YOUR OBJECTIVE. After locating the line with "using continuous_map_compose[OF lc_continuous_map_translation" in the data that follows, return it and every later line exactly, up to and including the line with "z0)) = (2 / e) * (f".

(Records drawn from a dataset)
━━━━━━━━━━
lemma coassoc_left_right_forest: "(\<And>t. t \<in> set ts \<Longrightarrow> valid t \<and> coassoc_left t = (coassoc_right t :: 'k::field vec3)) \<Longrightarrow>
  coassoc_left_forest (Delta_forest ts) = (coassoc_right_forest (Delta_forest ts) :: 'k fvec3)"
proof (induction ts)
  case Nil
  then show ?case by (simp add: coassoc_left_forest_def coassoc_right_forest_def Delta_tree_Leaf_single)
next
  case (Cons t ts)
  then have "valid t" "\<forall>s\<in>set ts. valid s" "coassoc_left t = (coassoc_right t :: 'k vec3)"
    "coassoc_left_forest (Delta_forest ts) = (coassoc_right_forest (Delta_forest ts) :: 'k fvec3)" by auto
  then show ?case using coassoc_left_forest_Cons[of t ts, where 'k='k] coassoc_right_forest_Cons[of t ts, where 'k='k] by (simp del: Delta_forest.simps)
qed

definition node_right3 :: "'k::field fvec3 \<Rightarrow> 'k vec3" where
  "node_right3 X = lin (\<lambda>z. Poly_Mapping.single (fst z, (fst (snd z), Node (snd (snd z)))) 1) X"

lemma coassoc_left_right: "valid t \<Longrightarrow> coassoc_left t = (coassoc_right t :: 'k::field vec3)"
proof (induction t)
  case Leaf
  then show ?case by (simp add: coassoc_left_def coassoc_right_def Delta_tree_Leaf_single)
next
  case (Node ts)
  have D: "Delta_tree (Node ts) = Poly_Mapping.single (Node ts, Leaf) 1 + node_right (Delta_forest ts :: 'k fvec)"
    using Delta_tree_Node[OF Node.prems] .
  have vts: "\<forall>s\<in>set ts. valid s" using Node.prems by simp
  have CLe: "coassoc_left (Node ts) = Poly_Mapping.single (Node ts, (Leaf, Leaf)) 1
     + lin (\<lambda>e. Poly_Mapping.single (fst e, (Node (snd e), Leaf)) 1) (Delta_forest ts) + node_right3 (coassoc_left_forest (Delta_forest ts) :: 'k fvec3)"
    unfolding coassoc_left_def by (simp add: D lin_add lin_node_right node_right3_def coassoc_left_forest_def lin_lin)
  have "coassoc_right (Node ts) = Poly_Mapping.single (Node ts, (Leaf, Leaf)) 1
     + lin (\<lambda>e. lin (\<lambda>d. Poly_Mapping.single (fst e, (fst d, snd d)) 1) (Delta_tree (Node (snd e)))) (Delta_forest ts :: 'k fvec)"
    unfolding coassoc_right_def D by (simp add: lin_add lin_node_right Delta_tree_Leaf_single)
  also have "\<dots> = Poly_Mapping.single (Node ts, (Leaf, Leaf)) 1
     + lin (\<lambda>e. Poly_Mapping.single (fst e, (Node (snd e), Leaf)) 1 +
         lin (\<lambda>f. Poly_Mapping.single (fst e, (fst f, Node (snd f))) 1) (Delta_forest (snd e))) (Delta_forest ts :: 'k fvec)"
  proof (intro arg_cong[where f="\<lambda>z. Poly_Mapping.single (Node ts, (Leaf, Leaf)) 1 + z"] lin_cong)
    fix e assume e: "e \<in> Poly_Mapping.keys (Delta_forest ts :: 'k fvec)"
    have "length (snd e) = length ts" "\<forall>p\<in>set (snd e). valid p"
      using keys_Delta_forest(2,3)[OF vts, of "fst e" "snd e"] e by auto
    then have "valid (Node (snd e))" using Node.prems by simp
    from Delta_tree_Node[OF this, where 'k='k]
    show "lin (\<lambda>d. Poly_Mapping.single (fst e, (fst d, snd d)) 1) (Delta_tree (Node (snd e))) =
      Poly_Mapping.single (fst e, (Node (snd e), Leaf)) (1::'k) + lin (\<lambda>f. Poly_Mapping.single (fst e, (fst f, Node (snd f))) 1) (Delta_forest (snd e))"
      by (simp add: lin_add lin_node_right)
  qed
  also have "\<dots> = Poly_Mapping.single (Node ts, (Leaf, Leaf)) 1
     + lin (\<lambda>e. Poly_Mapping.single (fst e, (Node (snd e), Leaf)) 1) (Delta_forest ts) + node_right3 (coassoc_right_forest (Delta_forest ts) :: 'k fvec3)"
    by (simp add: lin_fadd node_right3_def coassoc_right_forest_def lin_lin add.assoc)
  finally have CRe: "coassoc_right (Node ts) = Poly_Mapping.single (Node ts, (Leaf, Leaf)) 1
     + lin (\<lambda>e. Poly_Mapping.single (fst e, (Node (snd e), Leaf)) 1) (Delta_forest ts) + node_right3 (coassoc_right_forest (Delta_forest ts) :: 'k fvec3)" .
  have "coassoc_left_forest (Delta_forest ts) = (coassoc_right_forest (Delta_forest ts) :: 'k fvec3)"
    using Node.IH Node.prems by (intro coassoc_left_right_forest) auto
  then show ?case by (simp only: CLe CRe)
qed
lemma alpha_form_gap_sq_deriv2:
  fixes N c x S :: real
  assumes N: "N > 2" and S: "S > 0" "S\<^sup>2 = x\<^sup>2 + 4 * (N - 1) * c * x"
  defines "al \<equiv> N * c + N / (2 * (N - 1)) * x - (N - 2) / (2 * (N - 1)) * S"
    and "a1 \<equiv> N / (2 * (N - 1)) - (N - 2) / (2 * (N - 1)) * (x + 2 * (N - 1) * c) / S"
    and "a2 \<equiv> 2 * (N - 2) * (N - 1) * c\<^sup>2 / S ^ 3"
    and "K \<equiv> (N - 2)\<^sup>2 / (N * (N - 1))"
  shows "(2 / N - a1)\<^sup>2 - a2 * (2 * x / N + N * c - al) = K * ((a1 - 1 / N) + x * a2 / 2)"
proof -
  define m where "m = N - 1"
  have nz: "m \<noteq> 0" "N \<noteq> 0" "S \<noteq> 0"
    using N S unfolding m_def by auto
  \<comment> \<open>in the variables \<open>z = x / S\<close>, \<open>b = 2 m c / S\<close> the constraint on \<open>S\<close> reads \<open>z\<^sup>2 + 2 z b = 1\<close>\<close>
  define z b where "z = x / S" and "b = 2 * m * c / S"
  define \<rho> k q where "\<rho> = (N - 2) / N" and "k = (N - 2) / (2 * m)" and "q = 1 + \<rho>"
  have "S\<^sup>2 * (z\<^sup>2 + 2 * z * b) = x\<^sup>2 + 4 * m * c * x"
    unfolding z_def b_def using nz by (simp add: field_simps power2_eq_square)
  then have "S\<^sup>2 * (z\<^sup>2 + 2 * z * b) = S\<^sup>2"
    using S(2) unfolding m_def by simp
  then have zb: "z\<^sup>2 + 2 * z * b = 1"
    using nz by simp
  have zS: "z * S = x"
    unfolding z_def using nz by simp
  have q: "q \<noteq> 0" "\<rho> = q - 1" "k = \<rho> / q"
    unfolding q_def \<rho>_def k_def m_def using N by (auto simp: field_simps)
  have slope: "2 / N - N / (2 * m) = - (k * \<rho>)"
    unfolding k_def \<rho>_def using nz unfolding m_def by (simp add: field_simps)
  have gap: "2 * x / N + N * c - al = k * (S - \<rho> * z * S)"
  proof -
    have "\<rho> * z * S = \<rho> * x"
      using zS by (simp add: mult.assoc)
    moreover have "2 * x / N + N * c - al = (2 / N - N / (2 * m)) * x + k * S"
      unfolding al_def k_def m_def by (simp add: algebra_simps)
    ultimately show ?thesis
      unfolding slope by (simp only:) (simp add: algebra_simps)
  qed
  have a1: "2 / N - a1 = k * (z + b - \<rho>)"
  proof -
    have "2 / N - a1 = (2 / N - N / (2 * m)) + k * ((x + 2 * m * c) / S)"
      unfolding a1_def k_def m_def by (simp add: algebra_simps)
    then show ?thesis
      unfolding slope z_def b_def by (simp add: algebra_simps add_divide_distrib)
  qed
  have a2: "a2 = k * b\<^sup>2 / S"
    unfolding a2_def k_def b_def m_def[symmetric] using nz
    by (simp add: field_simps power2_eq_square power3_eq_cube)
  have K: "K = 2 * k * \<rho>"
    unfolding K_def k_def \<rho>_def m_def[symmetric] using nz
    by (simp add: field_simps power2_eq_square)
  have a1': "a1 - 1 / N = (1 - \<rho>) / 2 - k * (z + b - \<rho>)"
    using a1 nz unfolding \<rho>_def by (simp add: field_simps)
  have xa2: "x * a2 / 2 = k * b\<^sup>2 * z / 2"
    unfolding a2 z_def using nz by simp
  show ?thesis
    unfolding xa2 a1 a2 gap K a1' q(3) unfolding q(2) using nz q(1)
    apply (simp add: field_simps power2_eq_square)
    using zb zS by algebra
qed
lemma lc_nhd_absorbing:
  assumes "lc_hausdorff_topology T" "openin T W" "0 \<in> W"
  obtains c where "0 < c" "c *\<^sub>R z \<in> W"
proof -
  have "open {c::real. c *\<^sub>R z \<in> W}"
    using openin_continuous_map_preimage[OF lc_continuous_map_ray[OF assms(1)] assms(2)] by simp
  moreover have "0 \<in> {c::real. c *\<^sub>R z \<in> W}"
    using assms(3) by simp
  ultimately obtain e where "0 < e" "ball 0 e \<subseteq> {c::real. c *\<^sub>R z \<in> W}"
    using open_contains_ball by blast
  moreover have "e / 2 \<in> ball 0 e"
    using \<open>0 < e\<close> by simp
  ultimately have "(e / 2) *\<^sub>R z \<in> W"
    by blast
  then show thesis
    by (rule that[rotated]) (use \<open>0 < e\<close> in simp)
qed

definition minkowski_gauge :: "'a::real_vector set \<Rightarrow> 'a \<Rightarrow> real" where
  "minkowski_gauge W z = Inf {r. 0 < r \<and> inverse r *\<^sub>R z \<in> W}"

context
  fixes W :: "'a::real_vector set"
  assumes convex: "convex W" and zero: "0 \<in> W" and absorbing: "\<And>z. \<exists>c>0. c *\<^sub>R z \<in> W"
begin

private abbreviation "radii z \<equiv> {r. 0 < r \<and> inverse r *\<^sub>R z \<in> W}"

private lemma radii_nonempty: "radii z \<noteq> {}"
proof -
  obtain c where "0 < c" "c *\<^sub>R z \<in> W"
    using absorbing by blast
  then have "inverse c \<in> radii z"
    by simp
  then show ?thesis
    by blast
qed

private lemma radii_bdd_below: "bdd_below (radii z)"
  by (rule bdd_belowI[of _ 0]) simp

private lemma minkowski_gauge_le: "r \<in> radii z \<Longrightarrow> minkowski_gauge W z \<le> r"
  unfolding minkowski_gauge_def by (rule cInf_lower[OF _ radii_bdd_below])

private lemma minkowski_gauge_greatest:
  "(\<And>r. r \<in> radii z \<Longrightarrow> b \<le> r) \<Longrightarrow> b \<le> minkowski_gauge W z"
  unfolding minkowski_gauge_def by (rule cInf_greatest[OF radii_nonempty])

lemma minkowski_gauge_le_one: "z \<in> W \<Longrightarrow> minkowski_gauge W z \<le> 1"
  by (rule minkowski_gauge_le) simp

lemma minkowski_gauge_less_one_imp_mem:
  assumes "minkowski_gauge W z < 1"
  shows "z \<in> W"
proof -
  obtain r where r: "0 < r" "inverse r *\<^sub>R z \<in> W" "r < 1"
    using assms cInf_lessD[OF radii_nonempty] unfolding minkowski_gauge_def by blast
  have "r *\<^sub>R (inverse r *\<^sub>R z) + (1 - r) *\<^sub>R 0 \<in> W"
    using r by (intro convexD[OF convex _ zero]) auto
  then show ?thesis
    using r by simp
qed

lemma sublinear_minkowski_gauge: "sublinear (minkowski_gauge W)"
  unfolding sublinear_def
proof (intro conjI allI impI)
  fix u v
  have "minkowski_gauge W (u + v) \<le> r + s" if "r \<in> radii u" "s \<in> radii v" for r s
  proof (rule minkowski_gauge_le, safe)
    show "0 < r + s"
      using that by simp
    have "(r / (r + s)) *\<^sub>R (inverse r *\<^sub>R u) + (s / (r + s)) *\<^sub>R (inverse s *\<^sub>R v) \<in> W"
      using that by (intro convexD[OF convex]) (auto simp: add_divide_distrib[symmetric])
    moreover have "r / (r + s) * inverse r = inverse (r + s)" "s / (r + s) * inverse s = inverse (r + s)"
      using that by (simp_all add: inverse_eq_divide)
    ultimately show "inverse (r + s) *\<^sub>R (u + v) \<in> W"
      by (simp only: scaleR_scaleR scaleR_add_right)
  qed
  then have "minkowski_gauge W (u + v) - s \<le> minkowski_gauge W u" if "s \<in> radii v" for s
    using that by (intro minkowski_gauge_greatest) (simp add: algebra_simps)
  then have "minkowski_gauge W (u + v) - minkowski_gauge W u \<le> minkowski_gauge W v"
    by (intro minkowski_gauge_greatest) (simp add: algebra_simps)
  then show "minkowski_gauge W (u + v) \<le> minkowski_gauge W u + minkowski_gauge W v"
    by simp
next
  fix c :: real and z
  assume "0 < c"
  have "minkowski_gauge W (c *\<^sub>R z) \<le> c * r" if "r \<in> radii z" for r
  proof (rule minkowski_gauge_le)
    have rescale: "inverse (c * r) *\<^sub>R (c *\<^sub>R z) = inverse r *\<^sub>R z"
      using \<open>0 < c\<close> by simp
    show "c * r \<in> radii (c *\<^sub>R z)"
      unfolding mem_Collect_eq rescale using that \<open>0 < c\<close> by simp
  qed
  then have "minkowski_gauge W (c *\<^sub>R z) / c \<le> minkowski_gauge W z"
    using \<open>0 < c\<close> by (intro minkowski_gauge_greatest) (simp add: field_simps)
  then show "minkowski_gauge W (c *\<^sub>R z) \<le> c * minkowski_gauge W z"
    using \<open>0 < c\<close> by (simp add: field_simps)
qed

end

lemma lc_continuous_map_linear_bounded_on_nhd:
  assumes lc: "lc_hausdorff_topology T" and f: "linear f"
    and W: "openin T W" "0 \<in> W" "\<And>z. z \<in> W \<Longrightarrow> \<bar>f z\<bar> \<le> 1"
  shows "continuous_map T euclideanreal f"
proof -
  have "openin T {u. f u \<in> U}" if "open U" for U
  proof (subst openin_subopen, safe)
    fix z0
    assume "f z0 \<in> U"
    then obtain e where "0 < e" "ball (f z0) e \<subseteq> U"
      using \<open>open U\<close> open_contains_ball by blast
    let ?N = "{u. (2 / e) *\<^sub>R (u + - z0) \<in> W}"
    have "continuous_map T T (\<lambda>u. (2 / e) *\<^sub>R (u + - z0))"
      using continuous_map_compose[OF lc_continuous_map_translation lc_continuous_map_scaleR] lc
      unfolding o_def by blast
    then have "openin T ?N"
      by (rule lc_openin_preimage[OF lc _ W(1)])
    moreover have "?N \<subseteq> {u. f u \<in> U}"
    proof safe
      fix u
      assume "(2 / e) *\<^sub>R (u + - z0) \<in> W"
      then have "\<bar>f ((2 / e) *\<^sub>R (u + - z0))\<bar> \<le> 1"
        by (rule W(3))
      moreover have "f ((2 / e) *\<^sub>R (u + - z0)) = (2 / e) * (f u - f z0)"
        using f by (simp add: linear_scale linear_diff diff_divide_distrib)
      ultimately have "\<bar>(2 / e) * (f u - f z0)\<bar> \<le> 1"
        by simp
      then have "dist (f z0) (f u) < e"
        using \<open>0 < e\<close> by (simp add: dist_real_def abs_mult abs_minus_commute field_simps)
      then show "f u \<in> U"
        using \<open>ball (f z0) e \<subseteq> U\<close> by auto
    qed
    ultimately show "\<exists>N. openin T N \<and> z0 \<in> N \<and> N \<subseteq> {u. f u \<in> U}"
      using W(2) by auto
  qed
  then show ?thesis
    using lc by (simp add: continuous_map_def lc_hausdorff_topology_topspace)
qed

theorem tau_dual_separates_points:
  assumes lc: "lc_hausdorff_topology T" and "x \<noteq> 0"
  shows "\<exists>f\<in>tau_dual T. f x \<noteq> 0"
proof -
  obtain W where W: "openin T W" "convex W" "0 \<in> W" "\<And>z. z \<in> W \<Longrightarrow> - z \<in> W" "x \<notin> W"
    using lc_symmetric_convex_nhd_avoiding[OF assms] by blast
  have absorbing: "\<exists>c>0. c *\<^sub>R z \<in> W" for z
    using lc_nhd_absorbing[OF lc W(1,3)] by metis
  obtain f where f: "linear f" "\<And>z. f z \<le> minkowski_gauge W z" "f x = minkowski_gauge W x"
    using Hahn_Banach_sublinear[OF sublinear_minkowski_gauge[OF W(2,3) absorbing]] by blast
  have "\<bar>f z\<bar> \<le> 1" if "z \<in> W" for z
  proof -
    have "f z \<le> 1" "f (- z) \<le> 1"
      using f(2) minkowski_gauge_le_one[OF W(2,3) absorbing] that W(4) by (meson order_trans)+
    then show ?thesis
      using linear_neg[OF f(1), of z] by simp
  qed
  then have "f \<in> tau_dual T"
    unfolding tau_dual_def using lc_continuous_map_linear_bounded_on_nhd[OF lc f(1) W(1,3)] f(1) by blast
  moreover have "f x \<noteq> 0"
    using f(3) minkowski_gauge_less_one_imp_mem[OF W(2,3) absorbing] W(5) by force
  ultimately show ?thesis
    by blast
qed

section \<open>Order faces\<close>

lemma inf_add_left_le:
  fixes c x y :: "'a::{ordered_ab_group_add,lattice}"
  shows "inf (c + x) (c + y) \<le> c + inf x y"
proof -
  have "inf (c + x) (c + y) - c \<le> inf x y"
    by (simp add: diff_le_eq add.commute)
  then show ?thesis
    by (metis diff_le_eq add.commute)
qed

lemma riesz_decomposition:
  fixes a p q :: "'a::{ordered_ab_group_add,lattice}"
  assumes "0 \<le> a" "a \<le> p + q" "0 \<le> p" "0 \<le> q"
  obtains u v where "0 \<le> u" "u \<le> p" "0 \<le> v" "v \<le> q" "a = u + v"
proof
  have "a \<le> inf (q + a) (q + p)"
    using assms by (simp add: add.commute add_increasing)
  also have "\<dots> \<le> q + inf a p"
    by (rule inf_add_left_le)
  finally show "a - inf a p \<le> q"
    by (simp add: diff_le_eq)
qed (use assms in simp_all)

lemma extreme_point_of_convex_combination:
  assumes "a extreme_point_of A" "y \<in> A" "z \<in> A" "0 < t" "t < 1" "a = (1 - t) *\<^sub>R y + t *\<^sub>R z"
  shows "y = a \<and> z = a"
proof (cases "y = z")
  case True
  then show ?thesis
    using assms(6) by (simp add: scaleR_left_diff_distrib[symmetric] algebra_simps)
next
  case False
  then have "a \<in> open_segment y z"
    using assms(4-6) unfolding in_segment by blast
  then show ?thesis
    using assms(1-3) unfolding extreme_point_of_def by blast
qed

lemma convex_combination_ge_upper_bound:
  fixes t a b m :: real
  assumes "0 < t" "t < 1" "m \<le> (1 - t) * a + t * b" "a \<le> m" "b \<le> m"
  shows "a = m" "b = m"
proof -
  have "(1 - t) * (m - a) + t * (m - b) \<le> 0"
    using assms(3) by (simp add: algebra_simps)
  moreover have "0 \<le> (1 - t) * (m - a)" "0 \<le> t * (m - b)"
    using assms by simp_all
  ultimately have "(1 - t) * (m - a) = 0" "t * (m - b) = 0"
    by linarith+
  then show "a = m" "b = m"
    using assms(1,2) by simp_all
qed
━━━━━━━━━━
EXERCISE RESULT.
      using continuous_map_compose[OF lc_continuous_map_translation lc_continuous_map_scaleR] lc
      unfolding o_def by blast
    then have "openin T ?N"
      by (rule lc_openin_preimage[OF lc _ W(1)])
    moreover have "?N \<subseteq> {u. f u \<in> U}"
    proof safe
      fix u
      assume "(2 / e) *\<^sub>R (u + - z0) \<in> W"
      then have "\<bar>f ((2 / e) *\<^sub>R (u + - z0))\<bar> \<le> 1"
        by (rule W(3))
      moreover have "f ((2 / e) *\<^sub>R (u + - z0)) = (2 / e) * (f u - f z0)"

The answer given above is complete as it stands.